> [Collected data]
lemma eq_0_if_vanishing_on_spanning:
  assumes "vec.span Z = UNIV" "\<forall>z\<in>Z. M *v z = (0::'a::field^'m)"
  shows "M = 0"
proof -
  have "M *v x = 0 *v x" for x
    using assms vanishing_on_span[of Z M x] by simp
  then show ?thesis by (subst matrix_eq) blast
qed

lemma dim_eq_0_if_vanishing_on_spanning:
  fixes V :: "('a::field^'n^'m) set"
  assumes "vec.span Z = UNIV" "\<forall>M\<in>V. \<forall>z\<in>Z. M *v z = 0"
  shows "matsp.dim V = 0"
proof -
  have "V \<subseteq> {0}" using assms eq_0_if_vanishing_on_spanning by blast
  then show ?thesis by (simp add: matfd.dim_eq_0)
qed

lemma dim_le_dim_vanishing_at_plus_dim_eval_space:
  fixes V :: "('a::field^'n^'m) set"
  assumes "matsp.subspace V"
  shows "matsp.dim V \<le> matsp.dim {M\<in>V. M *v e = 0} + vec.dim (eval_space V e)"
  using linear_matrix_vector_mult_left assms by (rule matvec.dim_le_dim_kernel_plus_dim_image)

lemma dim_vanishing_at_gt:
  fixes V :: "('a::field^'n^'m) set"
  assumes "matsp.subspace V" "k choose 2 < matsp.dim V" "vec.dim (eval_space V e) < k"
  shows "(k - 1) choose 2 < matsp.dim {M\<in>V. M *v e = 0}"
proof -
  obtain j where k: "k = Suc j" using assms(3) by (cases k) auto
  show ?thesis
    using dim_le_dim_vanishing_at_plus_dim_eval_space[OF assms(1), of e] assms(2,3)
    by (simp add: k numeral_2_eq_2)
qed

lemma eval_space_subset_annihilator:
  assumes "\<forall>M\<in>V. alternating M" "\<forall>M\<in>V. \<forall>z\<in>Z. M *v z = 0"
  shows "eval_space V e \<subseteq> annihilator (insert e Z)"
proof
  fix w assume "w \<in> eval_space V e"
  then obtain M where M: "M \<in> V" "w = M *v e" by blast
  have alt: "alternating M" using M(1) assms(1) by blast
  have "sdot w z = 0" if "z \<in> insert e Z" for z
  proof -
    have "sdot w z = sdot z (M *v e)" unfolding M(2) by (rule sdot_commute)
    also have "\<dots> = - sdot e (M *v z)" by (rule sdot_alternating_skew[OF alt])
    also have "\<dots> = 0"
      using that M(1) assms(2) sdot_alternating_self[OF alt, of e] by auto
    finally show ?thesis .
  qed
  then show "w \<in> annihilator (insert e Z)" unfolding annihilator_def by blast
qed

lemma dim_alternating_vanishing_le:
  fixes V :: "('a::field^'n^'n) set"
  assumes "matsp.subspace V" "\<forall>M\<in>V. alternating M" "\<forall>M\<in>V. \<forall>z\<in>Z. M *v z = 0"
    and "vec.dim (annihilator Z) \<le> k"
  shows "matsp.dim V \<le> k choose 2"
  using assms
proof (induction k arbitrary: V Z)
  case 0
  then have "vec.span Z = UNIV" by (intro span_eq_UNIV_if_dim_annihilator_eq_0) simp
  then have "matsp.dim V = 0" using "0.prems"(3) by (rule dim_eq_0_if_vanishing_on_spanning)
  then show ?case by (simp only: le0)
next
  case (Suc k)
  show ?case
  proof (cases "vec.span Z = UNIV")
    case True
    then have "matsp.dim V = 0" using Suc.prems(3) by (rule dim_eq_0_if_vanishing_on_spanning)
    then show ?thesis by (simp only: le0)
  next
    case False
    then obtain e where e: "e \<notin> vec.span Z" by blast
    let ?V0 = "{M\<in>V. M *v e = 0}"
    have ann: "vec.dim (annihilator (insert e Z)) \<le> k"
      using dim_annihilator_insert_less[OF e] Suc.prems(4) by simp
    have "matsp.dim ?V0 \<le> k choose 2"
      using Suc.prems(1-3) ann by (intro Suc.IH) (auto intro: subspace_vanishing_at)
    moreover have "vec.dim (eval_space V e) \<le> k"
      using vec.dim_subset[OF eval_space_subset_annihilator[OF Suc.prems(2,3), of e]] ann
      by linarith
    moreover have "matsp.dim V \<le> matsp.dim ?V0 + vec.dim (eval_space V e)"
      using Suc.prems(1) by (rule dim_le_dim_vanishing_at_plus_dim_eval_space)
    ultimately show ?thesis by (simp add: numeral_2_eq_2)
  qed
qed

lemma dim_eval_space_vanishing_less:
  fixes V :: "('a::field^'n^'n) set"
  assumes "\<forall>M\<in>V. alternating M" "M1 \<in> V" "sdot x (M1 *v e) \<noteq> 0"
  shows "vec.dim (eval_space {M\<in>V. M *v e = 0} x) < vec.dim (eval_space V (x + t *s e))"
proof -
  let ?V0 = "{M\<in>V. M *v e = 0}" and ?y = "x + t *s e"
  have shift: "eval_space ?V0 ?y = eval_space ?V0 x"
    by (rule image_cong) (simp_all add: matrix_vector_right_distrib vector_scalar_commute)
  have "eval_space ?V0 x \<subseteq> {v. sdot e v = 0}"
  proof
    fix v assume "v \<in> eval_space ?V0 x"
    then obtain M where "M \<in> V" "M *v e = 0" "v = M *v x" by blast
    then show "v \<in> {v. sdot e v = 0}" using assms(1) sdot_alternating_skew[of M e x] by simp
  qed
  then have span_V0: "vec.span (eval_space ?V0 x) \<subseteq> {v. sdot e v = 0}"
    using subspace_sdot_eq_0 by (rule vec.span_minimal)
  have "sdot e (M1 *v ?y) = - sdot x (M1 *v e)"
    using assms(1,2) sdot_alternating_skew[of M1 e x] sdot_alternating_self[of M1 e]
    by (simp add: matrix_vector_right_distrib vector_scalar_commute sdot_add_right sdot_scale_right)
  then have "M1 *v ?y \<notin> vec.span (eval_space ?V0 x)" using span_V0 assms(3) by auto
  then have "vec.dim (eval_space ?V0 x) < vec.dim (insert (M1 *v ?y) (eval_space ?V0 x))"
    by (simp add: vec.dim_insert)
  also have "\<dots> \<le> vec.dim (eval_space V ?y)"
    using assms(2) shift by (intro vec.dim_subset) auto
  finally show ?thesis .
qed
==
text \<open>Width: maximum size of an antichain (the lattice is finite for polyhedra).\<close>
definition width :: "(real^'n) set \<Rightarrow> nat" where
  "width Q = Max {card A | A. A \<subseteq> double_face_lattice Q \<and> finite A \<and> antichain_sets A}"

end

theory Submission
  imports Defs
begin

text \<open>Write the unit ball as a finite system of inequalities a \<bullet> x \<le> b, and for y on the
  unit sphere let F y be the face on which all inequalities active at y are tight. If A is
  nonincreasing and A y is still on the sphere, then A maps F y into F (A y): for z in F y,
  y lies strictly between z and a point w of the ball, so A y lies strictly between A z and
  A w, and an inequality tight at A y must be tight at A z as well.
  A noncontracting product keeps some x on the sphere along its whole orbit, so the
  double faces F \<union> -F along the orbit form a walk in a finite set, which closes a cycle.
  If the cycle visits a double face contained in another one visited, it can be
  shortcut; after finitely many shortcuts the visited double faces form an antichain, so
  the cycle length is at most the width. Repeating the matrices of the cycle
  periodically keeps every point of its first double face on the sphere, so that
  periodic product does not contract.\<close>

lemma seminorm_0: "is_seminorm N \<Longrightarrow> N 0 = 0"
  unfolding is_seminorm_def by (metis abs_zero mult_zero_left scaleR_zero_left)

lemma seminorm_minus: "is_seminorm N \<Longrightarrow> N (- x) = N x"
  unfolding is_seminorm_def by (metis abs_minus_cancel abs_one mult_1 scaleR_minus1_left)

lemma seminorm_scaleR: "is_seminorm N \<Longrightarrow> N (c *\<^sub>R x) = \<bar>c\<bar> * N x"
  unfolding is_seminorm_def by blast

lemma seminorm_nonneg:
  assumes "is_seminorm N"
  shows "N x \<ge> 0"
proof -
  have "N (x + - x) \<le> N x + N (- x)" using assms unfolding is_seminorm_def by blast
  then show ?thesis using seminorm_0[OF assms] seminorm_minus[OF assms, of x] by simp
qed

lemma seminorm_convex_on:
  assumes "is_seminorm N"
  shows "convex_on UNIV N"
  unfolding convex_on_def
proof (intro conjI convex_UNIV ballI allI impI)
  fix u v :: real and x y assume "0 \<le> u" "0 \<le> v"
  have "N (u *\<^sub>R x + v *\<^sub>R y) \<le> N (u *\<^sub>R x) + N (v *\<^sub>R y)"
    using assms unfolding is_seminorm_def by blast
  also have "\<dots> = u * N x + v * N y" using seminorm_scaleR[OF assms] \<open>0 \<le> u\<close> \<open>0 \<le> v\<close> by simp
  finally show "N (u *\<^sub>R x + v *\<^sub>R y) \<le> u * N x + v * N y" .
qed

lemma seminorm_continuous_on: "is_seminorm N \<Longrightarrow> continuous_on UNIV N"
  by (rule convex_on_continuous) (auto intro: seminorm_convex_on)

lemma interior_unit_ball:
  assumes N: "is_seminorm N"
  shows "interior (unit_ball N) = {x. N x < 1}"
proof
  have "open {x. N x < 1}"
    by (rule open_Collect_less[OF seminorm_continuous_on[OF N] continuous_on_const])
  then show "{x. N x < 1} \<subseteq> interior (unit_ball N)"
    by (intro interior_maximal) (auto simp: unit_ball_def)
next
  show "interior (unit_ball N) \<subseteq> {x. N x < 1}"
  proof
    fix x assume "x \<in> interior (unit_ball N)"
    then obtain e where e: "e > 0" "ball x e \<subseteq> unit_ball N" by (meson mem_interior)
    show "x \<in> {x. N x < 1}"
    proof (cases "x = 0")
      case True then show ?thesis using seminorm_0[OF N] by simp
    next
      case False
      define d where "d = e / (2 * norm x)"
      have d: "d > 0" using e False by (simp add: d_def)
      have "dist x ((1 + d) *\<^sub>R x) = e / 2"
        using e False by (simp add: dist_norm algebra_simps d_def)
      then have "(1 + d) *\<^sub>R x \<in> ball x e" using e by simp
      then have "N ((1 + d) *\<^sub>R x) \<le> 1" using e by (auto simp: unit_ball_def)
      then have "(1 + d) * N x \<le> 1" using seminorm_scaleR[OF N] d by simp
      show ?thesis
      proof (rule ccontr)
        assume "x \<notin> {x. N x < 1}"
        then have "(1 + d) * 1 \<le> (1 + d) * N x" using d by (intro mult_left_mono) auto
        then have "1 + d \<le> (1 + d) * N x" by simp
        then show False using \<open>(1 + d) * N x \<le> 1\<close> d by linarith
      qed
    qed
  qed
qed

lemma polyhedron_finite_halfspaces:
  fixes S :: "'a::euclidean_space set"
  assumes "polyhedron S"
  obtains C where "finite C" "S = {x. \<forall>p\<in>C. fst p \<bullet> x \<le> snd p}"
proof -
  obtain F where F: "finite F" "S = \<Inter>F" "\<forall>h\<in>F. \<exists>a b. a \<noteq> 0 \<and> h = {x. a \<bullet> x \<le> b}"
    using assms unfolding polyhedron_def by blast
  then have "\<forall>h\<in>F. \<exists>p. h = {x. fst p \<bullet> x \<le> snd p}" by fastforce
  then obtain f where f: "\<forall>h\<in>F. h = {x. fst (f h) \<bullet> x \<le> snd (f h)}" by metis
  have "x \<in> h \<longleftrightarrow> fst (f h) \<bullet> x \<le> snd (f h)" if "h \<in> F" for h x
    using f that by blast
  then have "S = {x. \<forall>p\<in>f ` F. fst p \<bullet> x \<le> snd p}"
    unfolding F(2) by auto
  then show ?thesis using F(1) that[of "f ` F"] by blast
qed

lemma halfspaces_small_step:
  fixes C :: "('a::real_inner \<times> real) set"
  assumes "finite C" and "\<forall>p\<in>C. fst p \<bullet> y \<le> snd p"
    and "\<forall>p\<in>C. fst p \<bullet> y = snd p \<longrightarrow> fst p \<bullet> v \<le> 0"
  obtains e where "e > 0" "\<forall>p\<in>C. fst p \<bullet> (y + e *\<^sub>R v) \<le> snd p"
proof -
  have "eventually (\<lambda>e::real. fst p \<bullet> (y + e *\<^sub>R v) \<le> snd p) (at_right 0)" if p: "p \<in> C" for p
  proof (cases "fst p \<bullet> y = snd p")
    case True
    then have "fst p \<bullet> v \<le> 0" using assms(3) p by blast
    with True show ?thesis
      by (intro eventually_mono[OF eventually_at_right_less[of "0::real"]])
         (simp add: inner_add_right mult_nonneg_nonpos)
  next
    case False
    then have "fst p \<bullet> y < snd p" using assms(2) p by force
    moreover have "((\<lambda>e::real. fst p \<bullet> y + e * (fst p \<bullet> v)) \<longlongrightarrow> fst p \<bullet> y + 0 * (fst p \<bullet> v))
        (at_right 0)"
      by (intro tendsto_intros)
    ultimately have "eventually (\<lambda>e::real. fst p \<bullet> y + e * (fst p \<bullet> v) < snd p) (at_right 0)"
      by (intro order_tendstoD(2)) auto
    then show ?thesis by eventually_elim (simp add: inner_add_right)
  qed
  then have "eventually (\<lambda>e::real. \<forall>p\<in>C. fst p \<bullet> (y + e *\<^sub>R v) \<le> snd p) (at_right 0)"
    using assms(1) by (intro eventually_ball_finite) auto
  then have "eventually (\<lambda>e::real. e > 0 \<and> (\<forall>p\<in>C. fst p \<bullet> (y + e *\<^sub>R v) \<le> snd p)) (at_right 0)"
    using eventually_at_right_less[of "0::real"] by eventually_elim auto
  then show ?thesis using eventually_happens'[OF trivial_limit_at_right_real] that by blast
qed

> [Required work]
Take the line above containing "case True then", the line containing "x ((1 + d) *\<^sub>R", and all lines in between, and copy them exactly without anything else.

> [Answer section]
      case True then show ?thesis using seminorm_0[OF N] by simp
    next
      case False
      define d where "d = e / (2 * norm x)"
      have d: "d > 0" using e False by (simp add: d_def)
      have "dist x ((1 + d) *\<^sub>R x) = e / 2"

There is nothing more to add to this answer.